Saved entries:

lemma inner_le_on_Int_proper_separation:
  fixes C1 C2 :: "'a::euclidean_space set"
  assumes "convex C1" "convex C2" "C1 \<inter> C2 \<noteq> {}"
    and bound: "\<And>x. x \<in> C1 \<inter> C2 \<Longrightarrow> \<xi> \<bullet> x \<le> c"
  obtains w \<gamma> where "\<And>x y t. x \<in> C1 \<Longrightarrow> y \<in> C2 \<Longrightarrow> c < t \<Longrightarrow> 0 \<le> w \<bullet> (x - y) + \<gamma> * (\<xi> \<bullet> x - t)"
    and "\<exists>x\<in>C1. \<exists>y\<in>C2. \<exists>t. 0 < w \<bullet> (x - y) + \<gamma> * (\<xi> \<bullet> x - t)"
proof -
  define f :: "'a \<times> 'a \<times> real \<Rightarrow> 'a \<times> real" where "f = (\<lambda>(x, y, t). (x - y, \<xi> \<bullet> x - t))"
  define S where "S = f ` (C1 \<times> C2 \<times> {c<..})"
  have "linear f"
    unfolding f_def by (auto simp: linear_iff inner_add_right algebra_simps)
  then have "convex S"
    unfolding S_def using assms(1,2) by (intro convex_linear_image convex_Times) auto
  moreover have "S \<noteq> {}"
    unfolding S_def using assms(3) by (auto intro!: exI[of _ "c + 1"])
  moreover have "0 \<notin> S"
    unfolding S_def f_def using bound by (force simp: zero_prod_def)
  ultimately obtain a where sep: "\<And>s. s \<in> S \<Longrightarrow> 0 \<le> a \<bullet> s" and strict: "\<exists>s\<in>S. 0 < a \<bullet> s"
    using convex_proper_separation_0 by blast
  obtain w \<gamma> where a: "a = (w, \<gamma>)"
    by (cases a)
  show thesis
  proof
    fix x y t
    assume "x \<in> C1" "y \<in> C2" "c < t"
    then have "f (x, y, t) \<in> S"
      unfolding S_def by (intro imageI) simp
    moreover have "f (x, y, t) = (x - y, \<xi> \<bullet> x - t)"
      unfolding f_def by simp
    ultimately have "(x - y, \<xi> \<bullet> x - t) \<in> S"
      by simp
    then have "0 \<le> a \<bullet> (x - y, \<xi> \<bullet> x - t)"
      by (rule sep)
    then show "0 \<le> w \<bullet> (x - y) + \<gamma> * (\<xi> \<bullet> x - t)"
      by (simp add: a)
  next
    show "\<exists>x\<in>C1. \<exists>y\<in>C2. \<exists>t. 0 < w \<bullet> (x - y) + \<gamma> * (\<xi> \<bullet> x - t)"
      using strict a unfolding S_def f_def by auto
  qed
qed
lemma not_typeIII: "\<not> typeIII m n C i j"
proof
  assume "typeIII m n C i j"
  then have "2 \<le> i" "i + 2 \<le> m" "2 \<le> j" "j + 1 \<le> n" "\<not> C (i - 1) (j - 1)" "\<not> C i j"
    "\<not> C (i + 1) (j + 1)" "\<And>x. \<lbrakk>j + 1 \<le> x; x \<le> n\<rbrakk> \<Longrightarrow> C (i + 2) x"
    unfolding typeIII_def by auto
  moreover define b p where "b = i - 1" and "p = j - 1"
  ultimately have shifted: "1 \<le> b" "b + 3 \<le> m" "1 \<le> p" "p + 2 \<le> n" "\<not> C b p"
    "\<not> C (b + 1) (p + 1)" "\<not> C (b + 2) (p + 2)" "\<And>x. \<lbrakk>p + 2 \<le> x; x \<le> n\<rbrakk> \<Longrightarrow> C (b + 3) x"
    by (simp_all add: numeral_eq_Suc)
  then have "pattern_011 (C (b + 2)) (p + 2) n"
    by (rule pattern_011_below_diagonal)
  then show False
    using no_diagonal_above_pattern_011[of b p] shifted by simp
qed

end

theorem mainTheorem10:
  fixes m n :: nat and C :: "nat \<Rightarrow> nat \<Rightarrow> bool"
  assumes "ES m n C"
  shows "\<not> (\<exists>i j. typeIII m n C i j \<or> typeIV m n C i j \<or>
                  typeIII m n (reflect n C) i j \<or> typeIV m n (reflect n C) i j)"
proof -
  have "ES_local m n C"
    using assms by (rule ES_imp_ES_local)
  moreover have "ES_local m n (reflect n C)"
    using calculation by (rule ES_local_reflect)
  ultimately show ?thesis
    using ES_local.not_typeIII ES_local.not_typeIV by blast
qed

end
lemma variance_le_expectation_power2_sub_mean_replicates:
  assumes integrable_cross: "\<And>r. r < R \<Longrightarrow> integrable M (\<lambda>x. X x * Y r x)"
    and uncorrelated: "\<And>r. r < R \<Longrightarrow> expectation (\<lambda>x. X x * Y r x) = expectation X * expectation (Y r)"
  shows "variance X \<le> expectation (\<lambda>x. (X x - (\<Sum>r<R. Y r x) / real R) ^ 2)"
proof -
  define \<mu> where "\<mu> = expectation X"
  define B where "B x = (\<Sum>r<R. Y r x - \<mu>) / real R" for x
  have centred_cross: "integrable M (\<lambda>x. (X x - \<mu>) * (Y r x - \<mu>))
      \<and> expectation (\<lambda>x. (X x - \<mu>) * (Y r x - \<mu>)) = 0" if "r < R" for r
  proof -
    have "(\<lambda>x. (X x - \<mu>) * (Y r x - \<mu>)) = (\<lambda>x. X x * Y r x - \<mu> * Y r x - \<mu> * X x + \<mu> * \<mu>)"
      by (auto simp: algebra_simps)
    then show ?thesis
      using integrable_cross[OF that] uncorrelated[OF that] integrable_sample integrable_replicate[OF that]
        expectation_replicate[OF that]
      by (simp add: \<mu>_def prob_space)
  qed
  have cross_sum: "(\<lambda>x. (X x - \<mu>) * B x) = (\<lambda>x. (\<Sum>r<R. (X x - \<mu>) * (Y r x - \<mu>)) / real R)"
    by (simp add: B_def sum_distrib_left)
  have integrable_AB: "integrable M (\<lambda>x. (X x - \<mu>) * B x)"
    unfolding cross_sum using centred_cross by (intro integrable_divide integrable_sum) auto
  have expectation_AB: "expectation (\<lambda>x. (X x - \<mu>) * B x) = 0"
    unfolding cross_sum using centred_cross by (simp add: Bochner_Integration.integral_sum)
  have integrable_A2: "integrable M (\<lambda>x. (X x - \<mu>) ^ 2)"
    by (rule integrable_power_le_even[OF _ _ integrable_central_power4[OF X_borel X_fourth]]) auto
  have integrable_W2: "integrable M (\<lambda>x. (X x - (\<Sum>r<R. Y r x) / real R) ^ 2)"
    by (rule integrable_power_le_even[OF _ _ integrable_power4_sub_mean_replicates]) auto
  have "variance X = expectation (\<lambda>x. (X x - \<mu>) ^ 2 - 2 * ((X x - \<mu>) * B x))"
    using integrable_A2 integrable_AB expectation_AB by (simp add: \<mu>_def)
  also have "\<dots> \<le> expectation (\<lambda>x. (X x - (\<Sum>r<R. Y r x) / real R) ^ 2)"
  proof (rule integral_mono)
    show "integrable M (\<lambda>x. (X x - \<mu>) ^ 2 - 2 * ((X x - \<mu>) * B x))"
      using integrable_A2 integrable_AB by auto
    show "(X x - \<mu>) ^ 2 - 2 * ((X x - \<mu>) * B x) \<le> (X x - (\<Sum>r<R. Y r x) / real R) ^ 2" for x
    proof -
      have split: "X x - (\<Sum>r<R. Y r x) / real R = (X x - \<mu>) - B x"
        using R_pos by (simp add: B_def sum_subtractf diff_divide_distrib)
      have "(X x - (\<Sum>r<R. Y r x) / real R) ^ 2 = (X x - \<mu>) ^ 2 - 2 * ((X x - \<mu>) * B x) + B x ^ 2"
        unfolding split by (simp add: power2_eq_square algebra_simps)
      then show ?thesis
        by simp
    qed
  qed (rule integrable_W2)
  finally show ?thesis .
qed

end

end

lemma sum_power2_variances_div_eq_gamma_sq:
  assumes "finite I" and "(\<Sum>i\<in>I. prob_space.variance M (X i)) \<noteq> 0"
  shows "(\<Sum>i\<in>I. (prob_space.variance M (X i)) ^ 2) / (\<Sum>i\<in>I. prob_space.variance M (X i)) ^ 2
           = (1 + gamma_sq M I X) / real (card I)"
proof -
  have "card I > 0"
    using assms by (auto simp: card_gt_0_iff)
  then show ?thesis
    using assms(2) by (simp add: gamma_sq_def sigma_bar_sq_def field_simps power2_eq_square)
qed
(* Let $N\in\mathbb N$, $\nu>0$, and let $z_1^{(\nu-1)}>\dots>z_N^{(\nu-1)}>0$ be the zeros of the Laguerre polynomial $L_N^{(\nu-1)}$ (orthogonal with respect to $e^{-x}x^{\nu-1}$ on $]0,\infty[$). Let $r_i:=\sqrt{2z_i^{(\nu-1)}}$ and form $S=(s_{i,j})_{i,j=1,\dots,N}$ with $$s_{i,i}:=1+\frac{2\nu}{r_i^2}+2\sum_{l\ne i}(r_i-r_l)^{-2}+2\sum_{l\ne i}(r_i+r_l)^{-2},\qquad s_{i,j}:=2(r_i+r_j)^{-2}-2(r_i-r_j)^{-2}\ (i\ne j).$$ Then $\det S=N!\cdot 2^N$. *)

theory Defs
  imports "HOL-Computational_Algebra.Polynomial" "Jordan_Normal_Form.Determinant"
begin

definition laguerre :: "nat \<Rightarrow> real \<Rightarrow> real poly" where
  "laguerre n a = (\<Sum>k\<le>n. monom ((-1)^k * ((real n + a) gchoose (n - k)) / fact k) k)"

definition S_mat :: "nat \<Rightarrow> real \<Rightarrow> (nat \<Rightarrow> real) \<Rightarrow> real mat" where
  "S_mat N \<nu> z = (let r = (\<lambda>i. sqrt (2 * z i)) in
     mat N N (\<lambda>(i,j).
       if i = j then
         1 + 2 * \<nu> / (r i)^2
           + 2 * (\<Sum>l\<in>{0..<N} - {i}. 1 / (r i - r l)^2)
           + 2 * (\<Sum>l\<in>{0..<N} - {i}. 1 / (r i + r l)^2)
       else 2 / (r i + r j)^2 - 2 / (r i - r j)^2))"

end

theory Submission
  imports Defs
begin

* EXERCISE OBJECTIVE
Your task is to restate, word for word, only those lines above that fall between the line holding "define \<mu> where" and the line holding "using R_pos by", inclusive.

* ANSWER BOX
  define \<mu> where "\<mu> = expectation X"
  define B where "B x = (\<Sum>r<R. Y r x - \<mu>) / real R" for x
  have centred_cross: "integrable M (\<lambda>x. (X x - \<mu>) * (Y r x - \<mu>))
      \<and> expectation (\<lambda>x. (X x - \<mu>) * (Y r x - \<mu>)) = 0" if "r < R" for r
  proof -
    have "(\<lambda>x. (X x - \<mu>) * (Y r x - \<mu>)) = (\<lambda>x. X x * Y r x - \<mu> * Y r x - \<mu> * X x + \<mu> * \<mu>)"
      by (auto simp: algebra_simps)
    then show ?thesis
      using integrable_cross[OF that] uncorrelated[OF that] integrable_sample integrable_replicate[OF that]
        expectation_replicate[OF that]
      by (simp add: \<mu>_def prob_space)
  qed
  have cross_sum: "(\<lambda>x. (X x - \<mu>) * B x) = (\<lambda>x. (\<Sum>r<R. (X x - \<mu>) * (Y r x - \<mu>)) / real R)"
    by (simp add: B_def sum_distrib_left)
  have integrable_AB: "integrable M (\<lambda>x. (X x - \<mu>) * B x)"
    unfolding cross_sum using centred_cross by (intro integrable_divide integrable_sum) auto
  have expectation_AB: "expectation (\<lambda>x. (X x - \<mu>) * B x) = 0"
    unfolding cross_sum using centred_cross by (simp add: Bochner_Integration.integral_sum)
  have integrable_A2: "integrable M (\<lambda>x. (X x - \<mu>) ^ 2)"
    by (rule integrable_power_le_even[OF _ _ integrable_central_power4[OF X_borel X_fourth]]) auto
  have integrable_W2: "integrable M (\<lambda>x. (X x - (\<Sum>r<R. Y r x) / real R) ^ 2)"
    by (rule integrable_power_le_even[OF _ _ integrable_power4_sub_mean_replicates]) auto
  have "variance X = expectation (\<lambda>x. (X x - \<mu>) ^ 2 - 2 * ((X x - \<mu>) * B x))"
    using integrable_A2 integrable_AB expectation_AB by (simp add: \<mu>_def)
  also have "\<dots> \<le> expectation (\<lambda>x. (X x - (\<Sum>r<R. Y r x) / real R) ^ 2)"
  proof (rule integral_mono)
    show "integrable M (\<lambda>x. (X x - \<mu>) ^ 2 - 2 * ((X x - \<mu>) * B x))"
      using integrable_A2 integrable_AB by auto
    show "(X x - \<mu>) ^ 2 - 2 * ((X x - \<mu>) * B x) \<le> (X x - (\<Sum>r<R. Y r x) / real R) ^ 2" for x
    proof -
      have split: "X x - (\<Sum>r<R. Y r x) / real R = (X x - \<mu>) - B x"
        using R_pos by (simp add: B_def sum_subtractf diff_divide_distrib)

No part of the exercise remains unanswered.